3085-76-5

Usage

Chemical Properties

clear colorless to yellow liquid

InChI:InChI=1/C7H14N2/c1-6(2)9(5-8)7(3)4/h6-7H,1-4H3

Upstream product

• 2700-30-3 N,N-diisorpopylformamide 
• 53249-10-8 [1-Chloro-1-diisopropylamino-meth-(Z)-ylidene]-phosphoramidic acid diisobutyl ester 
• 420-04-2 CYANAMID 
• 75-26-3 isopropyl bromide 
• 24948-81-0 chloro-diisopropyl-amine 
• 74-90-8 hydrogen cyanide 
• 119072-55-8 tert-butylisonitrile 
• 77464-05-2 N,N-diisopropylurea 
• 506-68-3 bromocyane 
• 108-18-9 diisopropylamine 
• 20611-81-8 disodium cyanamide 
• 1192-27-4 5-diazo-1,3-cyclopentadiene 
• 128871-10-3 2-(Diisopropylamino)-1λ³-phosphaethin 
• 22293-10-3 (1-diazoethyl)benzene 

Downstream Products

• 6280-36-0 5-diisopropylaminotetrazole 
• 23547-16-2 N_.N-Diisopropyl-N'-(2-chlor-cyclohexyl)-harnstoff 
• 53400-61-6 8-Cyano-5,6,7,8-tetrahydroquinoline 
• 76098-46-9 C₁₇H₁₉ClN₂O₂ 
• 104132-53-8 N-(4-Chlorphenylglyoxyloyl)(diisopropylamino)formimidoylchlorid 
• 104132-55-0 N-(4-Bromphenylglyoxyloyl)(diisopropylamino)formimidoylchlorid 
• 162789-68-6 dimethyl 2-(N,N-diisopropylamino)-5-ethoxyfuran-3,4-dicarboxylate 

Relevant academic research and scientific papers

1-Aza-3,4-diptiospholenes by [3 + 2] cycloaddition of 2-(diisopropylamino)phosphaethyne to diazo derivatives R1R2C=N2

The reaction of the (diisopropylamino)phosphaethyne (1) with diazo compounds of the type R1R2C=N2 (2a-2c) unexpectedly leads in high yields (60-90%) to the 1-aza-3,4-diphospholene derivatives 3a-3c, a new class of heterocycles. NMR investigations of the analogous reaction of 1 with diazocyclopentadiene 2d show that the multi-step formation of 3a-3c proceeds via the 1-aza-3,4-diphospholes 6a-6d as intermediates. VCH Verlagsgesellschaft mbH, 1996.

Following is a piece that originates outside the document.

(* Fix $\rho>0$ and $W>0$, and for $N\in\mathbb{N}$ put $L=N/(\rho W)$ (so $\rho=N/(LW)$ and $\tau=iW/L=i\rho W^2/N$). Let $K^{R_N}$ be the correlation kernels below. Then for all $z=x+iy$, $z'=x'+iy'\in\mathbb{C}$, as $N\to\infty$: (i) $K^{A_{N-1}}(z,z')\to\mathcal{K}^A_{W,\rho}(z,z')=\sqrt2\rho e^{-\pi\rho(y^2+y'^2)}\int_0^{\sqrt\rho W}d\lambda\,e^{-2\pi\lambda^2+2\pi i\sqrt\rho(z-\bar z')\lambda}\vartheta_2(\sqrt\rho W(i\lambda+\sqrt\rho z);i\rho W^2)\vartheta_2(\sqrt\rho W(i\lambda-\sqrt\rho\bar z');i\rho W^2)$; (ii) for $R_N=B_N,B_N^\vee$, $K^{R_N}(z,z')\to\mathcal{K}^B_{W,\rho}(z,z')=-\rho e^{-2\pi\rho(y^2+y'^2)}[I_1^{(1)}-I_2^{(1)}]$; (iii) for $R_N=C_N,C_N^\vee,BC_N$, $K^{R_N}(z,z')\to\mathcal{K}^C_{W,\rho}(z,z')=\rho e^{-2\pi\rho(y^2+y'^2)}[I_1^{(2)}-I_2^{(2)}]$; (iv) $K^{D_N}(z,z')\to\mathcal{K}^D_{W,\rho}(z,z')=\rho e^{-2\pi\rho(y^2+y'^2)}[I_1^{(2)}+I_2^{(2)}]$; where for $\mu\in\{1,2\}$, $I_1^{(\mu)}=\int_{-\sqrt\rho W}^{\sqrt\rho W}d\lambda\,e^{-\pi\lambda^2+2\pi i\sqrt\rho(z-\bar z')\lambda}\vartheta_\mu(\sqrt\rho W(i\lambda+2\sqrt\rho z);2i\rho W^2)\vartheta_\mu(\sqrt\rho W(i\lambda-2\sqrt\rho\bar z');2i\rho W^2)$, $I_2^{(\mu)}=\int_{-\sqrt\rho W}^{\sqrt\rho W}d\lambda\,e^{-\pi\lambda^2+2\pi i\sqrt\rho(z+\bar z')\lambda}\vartheta_\mu(\sqrt\rho W(i\lambda+2\sqrt\rho z);2i\rho W^2)\vartheta_\mu(\sqrt\rho W(i\lambda+2\sqrt\rho\bar z');2i\rho W^2)$.
   Context: Jacobi theta functions ($\Im\tau>0$, $q_0=e^{\pi i\tau}$): $\vartheta_1(v;\tau)=i\sum_{n\in\mathbb{Z}}(-1)^nq_0^{(n-1/2)^2}e^{(2n-1)\pi iv}$, $\vartheta_2(v;\tau)=\sum_nq_0^{(n-1/2)^2}e^{(2n-1)\pi iv}$. For type $R_N\in\{A_{N-1},B_N,B_N^\vee,C_N,C_N^\vee,BC_N,D_N\}$: $\mathcal{N}$ is $N$ ($A_{N-1}$), $2N-1$ ($B_N$), $2N$ ($B_N^\vee,C_N^\vee$), $2(N+1)$ ($C_N$), $2N+1$ ($BC_N$), $2(N-1)$ ($D_N$); $J(j)$ is $j-1/2$ ($A_{N-1},C_N^\vee$), $j-1$ ($B_N,B_N^\vee,D_N$), $j$ ($C_N,BC_N$). $M_j^{R_N}(z)$: for $A_{N-1}$, $e^{2\pi iJ(j)z/L}\vartheta_2(J(j)\tau+\mathcal{N}z/L;\mathcal{N}\tau)$; for $B_N,B_N^\vee$, $e^{2\pi iJ(j)z/L}\vartheta_1(J(j)\tau+\mathcal{N}z/L;\mathcal{N}\tau)-e^{-2\pi iJ(j)z/L}\vartheta_1(J(j)\tau-\mathcal{N}z/L;\mathcal{N}\tau)$; for $C_N,C_N^\vee,BC_N$ the same with $\vartheta_2$; for $D_N$, $e^{2\pi iJ(j)z/L}\vartheta_2(J(j)\tau+\mathcal{N}z/L;\mathcal{N}\tau)+e^{-2\pi iJ(j)z/L}\vartheta_2(J(j)\tau-\mathcal{N}z/L;\mathcal{N}\tau)$. With $e_j=e^{-2\tau\pi iJ(j)^2/\mathcal{N}}$, $c=LW/\sqrt{2\mathcal{N}\Im\tau}$: $h_j^{A_{N-1}}=ce_j$; $h_j=2ce_j$ for $C_N,C_N^\vee,BC_N$; for $B_N,B_N^\vee$: $h_1=4ce_1$, $h_j=2ce_j$ ($j\ge2$); for $D_N$: $h_j=4ce_j$ ($j\in\{1,N\}$), $2ce_j$ otherwise. The kernel is $K^{R_N}(z,z')=e^{-\pi\mathcal{N}(y^2+y'^2)/(LW)}\sum_{n=1}^N M^{R_N}_n(z)\overline{M^{R_N}_n(z')}/h^{R_N}_n$. *)

theory Defs
  imports "HOL-Analysis.Analysis"
begin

Preparation method of cyano tertiary amine

The invention relates to the technical field of organic synthesis methods, in particular to a preparation method of N, N-disubstituted cyanamide. According to the invention, secondary amine and 2-bromo-1, 3, 4-thiadiazole, 2, 5-dibromo-1, 3, 4-thiadiazole or 2-bromo-5-methyl-1, 3, 4-thiadiazole are used as raw materials to prepare N, N-disubstituted cyano tertiary amine under the catalysis of a metal salt; the synthetic process is simple, the yield is high, the toxicity of the raw materials is extremely low, the reaction temperature is low, the reaction time is sort, the aftertreatment is simple, and the preparation process is a green preparation process with universality. The method for preparing N, N-disubstituted cyanamide solves the problems of low yield, high toxicity of raw materials, no universality, difficulty in asymmetric disubstituted synthesis and the like in the existing preparation process, and has industrial large-scale application prospects.

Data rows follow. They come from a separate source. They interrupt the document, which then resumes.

definition zyg_norm :: "real \<Rightarrow> real \<Rightarrow> (real^2 \<Rightarrow> real) \<Rightarrow> real" where
  "zyg_norm p a f = Inf {k. k > 0 \<and> (\<integral>\<^sup>+ x. ennreal (zyg_A p a (\<bar>f x\<bar> / k)) \<partial>lebesgue) \<le> 1}"

end

theory Submission
  imports Defs
begin

text \<open>
  For 0 <= u <= v we have u v <= v^2 and ln (2 + u v) <= ln ((2 + v)^2) = 2 ln (2 + v), whence
  A_{1,1/2}(u v) <= 2 (A_{2,1/4}(u) + A_{2,1/4}(v)). If c exceeds both Luxemburg norms, apply this
  to u = |alpha|/2c and v = |beta|/2c and use A_{2,1/4}(s/2) <= A_{2,1/4}(s)/4: the modular of
  alpha beta/4c^2 is at most (1 + 1)/2 = 1, so the norm of alpha beta is at most 4c^2; now let
  c decrease to the larger norm. Local integrability of alpha beta holds because
  A_{1,1/2}(s) >= s sqrt (ln 2).
\<close>

definition zyg_modular :: "real \<Rightarrow> real \<Rightarrow> (real^2 \<Rightarrow> real) \<Rightarrow> real \<Rightarrow> ennreal" where
  "zyg_modular p a f k = (\<integral>\<^sup>+ x. ennreal (zyg_A p a (\<bar>f x\<bar> / k)) \<partial>lebesgue)"

lemma zyg_norm_eq_Inf_modular:
  "zyg_norm p a f = Inf {k. k > 0 \<and> zyg_modular p a f k \<le> 1}"
  unfolding zyg_norm_def zyg_modular_def ..

lemma in_zygmund_iff_modular:
  "in_zygmund p a f \<longleftrightarrow>
     f \<in> borel_measurable lebesgue \<and>
     (\<forall>K. compact K \<longrightarrow> set_integrable lebesgue K f) \<and>
     zyg_modular p a f 1 < \<infinity>"
  unfolding in_zygmund_def zyg_modular_def by simp

lemma zyg_A_nonneg: "0 \<le> zyg_A p a s"
  by (simp add: zyg_A_def)

lemma borel_measurable_zyg_A [measurable]:
  "f \<in> borel_measurable M \<Longrightarrow> (\<lambda>x. zyg_A p a (f x)) \<in> borel_measurable M"
  unfolding zyg_A_def by measurable

lemma zyg_A_mono:
  assumes "0 \<le> p" "0 \<le> a" "0 \<le> s" "s \<le> t"
  shows "zyg_A p a s \<le> zyg_A p a t"
proof -
  have "ln (2 + s) powr a \<le> ln (2 + t) powr a"
    using assms by (intro powr_mono2) auto
  then show ?thesis
    unfolding zyg_A_def using assms by (intro powr_mono2 mult_mono) auto
qed

lemma zyg_A_divide_le:
  assumes "0 \<le> p" "0 \<le> a" "0 \<le> s" "1 \<le> k"
  shows "zyg_A p a (s / k) \<le> zyg_A p a s / k powr p"
proof -
  have "s / k \<le> s" using assms by (simp add: divide_le_eq mult_le_cancel_left1)
  moreover have "0 \<le> s / k" using assms by simp
  ultimately have "ln (2 + s / k) \<le> ln (2 + s)" by (subst ln_le_cancel_iff) auto
  then have "zyg_A p a (s / k) \<le> (s / k * ln (2 + s) powr a) powr p"
    unfolding zyg_A_def using assms by (intro powr_mono2 mult_left_mono) auto
  also have "\<dots> = zyg_A p a s / k powr p"
    unfolding zyg_A_def by (simp add: powr_divide)
  finally show ?thesis .
qed

lemma zyg_A_2_quarter:
  assumes "0 \<le> s" shows "zyg_A 2 (1/4) s = s\<^sup>2 * sqrt (ln (2 + s))"
proof -
  have "zyg_A 2 (1/4) s = s powr 2 * ln (2 + s) powr (1/2)"
    unfolding zyg_A_def using assms by (simp add: powr_mult powr_powr)
  then show ?thesis using assms by (simp add: powr_half_sqrt)
qed

lemma zyg_A_1_half: "0 \<le> s \<Longrightarrow> zyg_A 1 (1/2) s = s * sqrt (ln (2 + s))"
  by (simp add: zyg_A_def powr_half_sqrt)

lemma ln2_powr_mult_le_zyg_A_1:
  assumes "0 \<le> a" "0 \<le> s"
  shows "ln 2 powr a * s \<le> zyg_A 1 a s"
proof -
  have "ln 2 powr a \<le> ln (2 + s) powr a"
    using assms by (intro powr_mono2) auto
  then show ?thesis
    unfolding zyg_A_def using assms by (simp add: mult.commute mult_left_mono)
qed

lemma zyg_A_1_half_mult_le_of_le:
  assumes "0 \<le> u" "u \<le> v"
  shows "zyg_A 1 (1/2) (u * v) \<le> 2 * zyg_A 2 (1/4) v"
proof -
  have uv: "u * v \<le> v\<^sup>2" using assms by (simp add: power2_eq_square mult_right_mono)
  then have "2 + u * v \<le> (2 + v)\<^sup>2"
    using assms by (simp add: power2_eq_square algebra_simps)
  then have "ln (2 + u * v) \<le> ln ((2 + v)\<^sup>2)"
    using assms by (subst ln_le_cancel_iff) (auto intro: add_pos_nonneg)
  also have "\<dots> = 2 * ln (2 + v)" using assms by (simp add: ln_realpow)
  finally have "sqrt (ln (2 + u * v)) \<le> sqrt 2 * sqrt (ln (2 + v))"
    by (metis real_sqrt_le_mono real_sqrt_mult)
  also have "\<dots> \<le> 2 * sqrt (ln (2 + v))"
    using real_sqrt_le_mono[of 2 4] assms by (intro mult_right_mono) auto
  finally have "u * v * sqrt (ln (2 + u * v)) \<le> v\<^sup>2 * (2 * sqrt (ln (2 + v)))"
    using assms uv by (intro mult_mono) auto
  then show ?thesis using assms by (simp add: zyg_A_1_half zyg_A_2_quarter)
qed

lemma zyg_A_1_half_mult_le:
  assumes "0 \<le> u" "0 \<le> v"
  shows "zyg_A 1 (1/2) (u * v) \<le> 2 * (zyg_A 2 (1/4) u + zyg_A 2 (1/4) v)"
  using zyg_A_1_half_mult_le_of_le[of u v] zyg_A_1_half_mult_le_of_le[of v u] assms
    zyg_A_nonneg[of 2 "1/4" u] zyg_A_nonneg[of 2 "1/4" v]
  by (cases "u \<le> v") (auto simp: mult.commute)

lemma zyg_A_1_half_mult_divide_le:
  assumes "0 < c"
  shows "zyg_A 1 (1/2) (\<bar>s * t\<bar> / (4 * c\<^sup>2))
    \<le> (zyg_A 2 (1/4) (\<bar>s\<bar> / c) + zyg_A 2 (1/4) (\<bar>t\<bar> / c)) / 2"
proof -
  have half: "zyg_A 2 (1/4) (r / 2) \<le> zyg_A 2 (1/4) r / 4" if "0 \<le> r" for r
    using zyg_A_divide_le[of 2 "1/4" r 2] that by simp
  have "\<bar>s * t\<bar> / (4 * c\<^sup>2) = (\<bar>s\<bar> / c / 2) * (\<bar>t\<bar> / c / 2)"
    by (simp add: abs_mult power2_eq_square)
  then have "zyg_A 1 (1/2) (\<bar>s * t\<bar> / (4 * c\<^sup>2))
      \<le> 2 * (zyg_A 2 (1/4) (\<bar>s\<bar> / c / 2) + zyg_A 2 (1/4) (\<bar>t\<bar> / c / 2))"
    using zyg_A_1_half_mult_le[of "\<bar>s\<bar> / c / 2" "\<bar>t\<bar> / c / 2"] assms by simp
  also have "\<dots> \<le> 2 * (zyg_A 2 (1/4) (\<bar>s\<bar> / c) / 4 + zyg_A 2 (1/4) (\<bar>t\<bar> / c) / 4)"
    using assms by (intro mult_left_mono add_mono half) auto
  finally show ?thesis by simp
qed

lemma nn_integral_le_cmult_add:
  assumes "f \<in> borel_measurable M" "g \<in> borel_measurable M"
    and "\<And>x. 0 \<le> f x" "\<And>x. 0 \<le> g x" "0 \<le> C"
    and "\<And>x. h x \<le> C * (f x + g x)"
  shows "(\<integral>\<^sup>+x. ennreal (h x) \<partial>M)
    \<le> ennreal C * ((\<integral>\<^sup>+x. ennreal (f x) \<partial>M) + (\<integral>\<^sup>+x. ennreal (g x) \<partial>M))"
proof -
  have "(\<integral>\<^sup>+x. ennreal (h x) \<partial>M) \<le> (\<integral>\<^sup>+x. ennreal C * (ennreal (f x) + ennreal (g x)) \<partial>M)"
  proof (rule nn_integral_mono)
    fix x
    have "ennreal (h x) \<le> ennreal (C * (f x + g x))" by (intro ennreal_leI assms(6))
    then show "ennreal (h x) \<le> ennreal C * (ennreal (f x) + ennreal (g x))"
      using assms(3-5) by (simp add: ennreal_mult'' flip: ennreal_plus)
  qed
  also have "\<dots> = ennreal C * ((\<integral>\<^sup>+x. ennreal (f x) \<partial>M) + (\<integral>\<^sup>+x. ennreal (g x) \<partial>M))"
    using assms(1,2) by (simp add: nn_integral_cmult nn_integral_add)
  finally show ?thesis .
qed

lemma zyg_modular_mult_le:
  assumes "\<alpha> \<in> borel_measurable lebesgue" "\<beta> \<in> borel_measurable lebesgue"
  shows "zyg_modular 1 (1/2) (\<lambda>x. \<alpha> x * \<beta> x) 1
    \<le> 2 * (zyg_modular 2 (1/4) \<alpha> 1 + zyg_modular 2 (1/4) \<beta> 1)"
proof -
  have "zyg_modular 1 (1/2) (\<lambda>x. \<alpha> x * \<beta> x) 1
      \<le> ennreal 2 * (zyg_modular 2 (1/4) \<alpha> 1 + zyg_modular 2 (1/4) \<beta> 1)"
    unfolding zyg_modular_def
  proof (rule nn_integral_le_cmult_add)
    show "zyg_A 1 (1/2) (\<bar>\<alpha> x * \<beta> x\<bar> / 1)
        \<le> 2 * (zyg_A 2 (1/4) (\<bar>\<alpha> x\<bar> / 1) + zyg_A 2 (1/4) (\<bar>\<beta> x\<bar> / 1))" for x
      using zyg_A_1_half_mult_le[of "\<bar>\<alpha> x\<bar>" "\<bar>\<beta> x\<bar>"] by (simp add: abs_mult)
  qed (use assms in \<open>auto simp: zyg_A_nonneg\<close>)
  then show ?thesis by simp
qed

lemma zyg_modular_mult_divide_le:
  assumes "\<alpha> \<in> borel_measurable lebesgue" "\<beta> \<in> borel_measurable lebesgue" "0 < c"
  shows "zyg_modular 1 (1/2) (\<lambda>x. \<alpha> x * \<beta> x) (4 * c\<^sup>2)
    \<le> (zyg_modular 2 (1/4) \<alpha> c + zyg_modular 2 (1/4) \<beta> c) / 2"
proof -
  have "zyg_modular 1 (1/2) (\<lambda>x. \<alpha> x * \<beta> x) (4 * c\<^sup>2)
      \<le> ennreal (1/2) * (zyg_modular 2 (1/4) \<alpha> c + zyg_modular 2 (1/4) \<beta> c)"
    unfolding zyg_modular_def
  proof (rule nn_integral_le_cmult_add)
    show "zyg_A 1 (1/2) (\<bar>\<alpha> x * \<beta> x\<bar> / (4 * c\<^sup>2))
        \<le> 1/2 * (zyg_A 2 (1/4) (\<bar>\<alpha> x\<bar> / c) + zyg_A 2 (1/4) (\<bar>\<beta> x\<bar> / c))" for x
      using zyg_A_1_half_mult_divide_le[OF assms(3)] by simp
  qed (use assms in \<open>auto simp: zyg_A_nonneg\<close>)
  then show ?thesis by (simp add: divide_ennreal_def mult.commute)
qed

lemma zyg_modular_antimono:
  assumes "0 \<le> p" "0 \<le> a" "0 < k" "k \<le> k'"
  shows "zyg_modular p a f k' \<le> zyg_modular p a f k"
  unfolding zyg_modular_def using assms
  by (intro nn_integral_mono ennreal_leI zyg_A_mono divide_left_mono) auto

lemma zyg_modular_divide_le:
  assumes "f \<in> borel_measurable lebesgue" "0 \<le> p" "0 \<le> a" "1 \<le> k"
  shows "zyg_modular p a f k \<le> ennreal (1 / k powr p) * zyg_modular p a f 1"
proof -
  have "zyg_modular p a f k \<le> (\<integral>\<^sup>+x. ennreal (1 / k powr p) * ennreal (zyg_A p a \<bar>f x\<bar>) \<partial>lebesgue)"
    unfolding zyg_modular_def
  proof (rule nn_integral_mono)
    fix x
    have "zyg_A p a (\<bar>f x\<bar> / k) \<le> 1 / k powr p * zyg_A p a \<bar>f x\<bar>"
      using zyg_A_divide_le[of p a "\<bar>f x\<bar>" k] assms by simp
    then show "ennreal (zyg_A p a (\<bar>f x\<bar> / k)) \<le> ennreal (1 / k powr p) * ennreal (zyg_A p a \<bar>f x\<bar>)"
      by (simp add: ennreal_leI zyg_A_nonneg flip: ennreal_mult'')
  qed
  also have "\<dots> = ennreal (1 / k powr p) * zyg_modular p a f 1"
    unfolding zyg_modular_def using assms(1) by (simp add: nn_integral_cmult)
  finally show ?thesis .
qed

lemma in_zygmund_modular_le_oneE:
  assumes "in_zygmund p a f" "1 \<le> p" "0 \<le> a"
  obtains k where "0 < k" "zyg_modular p a f k \<le> 1"
proof -
  from assms(1) have f: "f \<in> borel_measurable lebesgue" and "zyg_modular p a f 1 < \<infinity>"
    by (auto simp: in_zygmund_iff_modular)
  then obtain r where r: "zyg_modular p a f 1 = ennreal r" "0 \<le> r"
    using less_top_ennreal by auto
  define k where "k = r + 1"
  have k: "1 \<le> k" "0 < k" using r(2) by (auto simp: k_def)
  have "r \<le> k powr p"
    using powr_mono[OF assms(2) k(1)] by (simp add: k_def)
  then have "r / k powr p \<le> 1" using k by (simp add: divide_le_eq)
  moreover have "zyg_modular p a f k \<le> ennreal (r / k powr p)"
    using zyg_modular_divide_le[OF f _ _ k(1), of p a] assms r by (simp add: ennreal_mult'' flip: ennreal_mult)
  ultimately show ?thesis using that k(2) by (metis ennreal_le_1 order_trans)
qed

lemma zyg_norm_le:
  assumes "0 < c" "zyg_modular p a f c \<le> 1"
  shows "zyg_norm p a f \<le> c"
  unfolding zyg_norm_eq_Inf_modular using assms
  by (intro cInf_lower bdd_belowI[of _ 0]) auto

lemma zyg_norm_nonneg:
  assumes "in_zygmund p a f" "1 \<le> p" "0 \<le> a"
  shows "0 \<le> zyg_norm p a f"
proof -
  obtain k where "0 < k" "zyg_modular p a f k \<le> 1"
    using in_zygmund_modular_le_oneE[OF assms] .
  then show ?thesis
    unfolding zyg_norm_eq_Inf_modular by (intro cInf_greatest) auto
qed

lemma zyg_modular_le_one_if_norm_less:
  assumes "in_zygmund p a f" "1 \<le> p" "0 \<le> a" "zyg_norm p a f < c"
  shows "zyg_modular p a f c \<le> 1"
proof -
  let ?K = "{k. 0 < k \<and> zyg_modular p a f k \<le> 1}"
  have "?K \<noteq> {}"
    using in_zygmund_modular_le_oneE[OF assms(1-3)] by blast
  moreover have "Inf ?K < c"
    using assms(4) by (simp add: zyg_norm_eq_Inf_modular)
  ultimately obtain k where "k \<in> ?K" "k < c"
    by (meson cInf_lessD)
  then have "zyg_modular p a f c \<le> zyg_modular p a f k"
    using assms(2,3) by (intro zyg_modular_antimono) auto
  with \<open>k \<in> ?K\<close> show ?thesis by (blast intro: order.trans)
qed

lemma in_zygmund_1_if_modular_finite:
  assumes "g \<in> borel_measurable lebesgue" "0 \<le> a" "zyg_modular 1 a g 1 < \<infinity>"
  shows "in_zygmund 1 a g"
proof -
  have "(\<integral>\<^sup>+x. ennreal (norm (g x)) \<partial>lebesgue)
      \<le> (\<integral>\<^sup>+x. ennreal (1 / ln 2 powr a) * ennreal (zyg_A 1 a \<bar>g x\<bar>) \<partial>lebesgue)"
  proof (rule nn_integral_mono)
    fix x
    have "\<bar>g x\<bar> \<le> 1 / ln 2 powr a * zyg_A 1 a \<bar>g x\<bar>"
      using ln2_powr_mult_le_zyg_A_1[OF assms(2), of "\<bar>g x\<bar>"] by (simp add: field_simps)
    then show "ennreal (norm (g x)) \<le> ennreal (1 / ln 2 powr a) * ennreal (zyg_A 1 a \<bar>g x\<bar>)"
      by (simp add: ennreal_leI zyg_A_nonneg flip: ennreal_mult'')
  qed
  also have "\<dots> = ennreal (1 / ln 2 powr a) * zyg_modular 1 a g 1"
    unfolding zyg_modular_def using assms(1) by (simp add: nn_integral_cmult)
  also have "\<dots> < \<infinity>"
    using assms(3) by (simp add: ennreal_mult_less_top)
  finally have "integrable lebesgue g"
    using assms(1) by (intro integrableI_bounded) auto
  then have "set_integrable lebesgue K g" if "compact K" for K
    unfolding set_integrable_def using that
    by (intro integrable_mult_indicator) (auto intro: fmeasurableD lmeasurable_compact)
  then show ?thesis
    using assms by (simp add: in_zygmund_iff_modular)
qed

A allyl uncle amine compound by one-step synthesis method of cyano uncle amine compound (by machine translation)

The invention relates to a one-step synthesis of amine compound allyl unclecyano uncle amine compounds, which belongs to the technical field of organic synthetic method. The method specific synthetic process is as follows: in the airtight reaction environment, to the anhydrous organic solvent is added in the cyanogen bromide, under protection of inert gas, and then added dropwise to the solution in the allylic and high yield amine compound, to obtain allyl uncle amine compound concentration is 0.8 - 1 mol/L solution, at room temperature the reaction 16 - 24 hours later, after column chromatography separation and purification, to obtain a corresponding cyano uncle amine compound. The method to get rid of the expensive deallylation use of the catalyst, the synthesis step is less, raw materials are easy, cheap, mild reaction conditions, the operation is simple, easy to craft and industrialization. Yield 50% - 80% between. (by machine translation)

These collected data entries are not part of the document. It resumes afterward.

lemma jump_aux_closed_form:
  "a < n \<Longrightarrow> x!a \<noteq> \<infinity> \<Longrightarrow> dominates_prefix a \<Longrightarrow> closed_upto a y \<Longrightarrow> n \<le> f + 1 + ofs a \<Longrightarrow>
    jump_aux x a f y = map (jump_val x j0) [0..<n]"
proof (induction f arbitrary: a y)
  case 0
  have "\<not> (\<exists>r<n. ofs a < ofs r \<and> x!r \<noteq> \<infinity> \<and> x!a < x!r)"
    using 0 cdist_less[OF j0n] by (metis add_0 leD less_Suc_eq_le order.strict_trans2 plus_1_eq_Suc)
  thus ?case using closed_upto_final 0 by simp
next
  case (Suc f)
  show ?case
  proof (cases "\<exists>r<n. ofs a < ofs r \<and> x!r \<noteq> \<infinity> \<and> x!a < x!r")
    case False
    thus ?thesis using next_jump_None closed_upto_final Suc.prems by simp
  next
    case True
    then obtain r0 where "r0 < n" "ofs a < ofs r0" "x!r0 \<noteq> \<infinity>" "x!a < x!r0" by auto
    with next_jump_Some[OF Suc.prems(1,3)] obtain b where b: "next_jump x a = Some b" "b < n"
      "ofs a < ofs b" "x!b \<noteq> \<infinity>" "x!a < x!b"
      "\<forall>r<n. ofs a < ofs r \<and> ofs r < ofs b \<longrightarrow> \<not> (x!r \<noteq> \<infinity> \<and> x!a < x!r)" .
    note step = closed_upto_next[OF Suc.prems(1,3,4) b(2-6)]
    have "jump_aux x b f (y[b := x!a]) = map (jump_val x j0) [0..<n]"
      using Suc.IH[OF b(2,4) step] Suc.prems(5) b(3) by simp
    thus ?thesis using b(1) by simp
  qed
qed

theorem jump_closed_form:
  assumes "x!j0 \<noteq> \<infinity>" shows "jump x j0 = map (jump_val x j0) [0..<n]"
proof -
  have "dominates_prefix j0" unfolding dominates_prefix_def using cdist_eq_0_iff[OF j0n] j0n by auto
  moreover have "closed_upto j0 (x[j0 := \<infinity>])"
    using cdist_eq_0_iff[OF j0n] j0n by (auto simp: closed_upto_def jump_val_def)
  ultimately show ?thesis unfolding jump_def using jump_aux_closed_form[OF j0n assms] by simp
qed

lemma jump_nth: "x!j0 \<noteq> \<infinity> \<Longrightarrow> q < n \<Longrightarrow> jump x j0 ! q = jump_val x j0 q"
  using jump_closed_form by simp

Synthesis of Cyanamides from Cyanogen Bromide under Mild Conditions through N-Cyanation of Allylic Tertiary Amines

Cyanamides were selectively formed through a one-step nucleophilic substitution reaction of allylic tertiary amines with cyanogen bromide. Because of the mild reaction conditions and good yields of the reaction, as well as the commercial availability of the starting materials, this new method represents a valuable tool for the synthesis of cyan-amides through an N-deallylation reaction and an N-cyanation reaction in one pot.

5,6,7,8-Tetrahydroquinolines. Part 7. Synthesis of 8-Cyano-5,6,7,8-tetrahydroquinolines; Di-isopropylcyanamide, a New Reagent for Cyanation of Organometallics

Di-isopropylcyanamide (1) is an effective reagent for the conversion of 8-lithio-5,6,7,8-tetrahydroquinolines into 8-cyano-5,6,7,8-tetrahydroquinolines. 8,8-Dicyano derivatives are not formed.A convenient synthesis of the reagent from disodium cyanamide is described.

Metal Complexes of Cyanamides and their Alkylation to Cyanamidium Salts. A General Synthesis of Highly Substituted Ureas, Isoureas, and Guanidines

The complexes 3a - p were prepared from disubstituted cyanamides and Lewis acids.According to a X-ray structural analysis, the antimony pentachloride complex 3a is neither a ? nor a ? complex ( CN-Sb 133 deg).The complexes 3 with SbCl5 and FeCl3 can be alkylated with tertiary alkyl chlorides, affording crystalline cyanamidium salts (5a - m) which were characterized by reactions with water, primary or secondary alcohols to give ureas (11) and uronium salts (8a - z), respectively.The guanidinium salts 9a - s were obtained with ammonia, primary and secondary amines.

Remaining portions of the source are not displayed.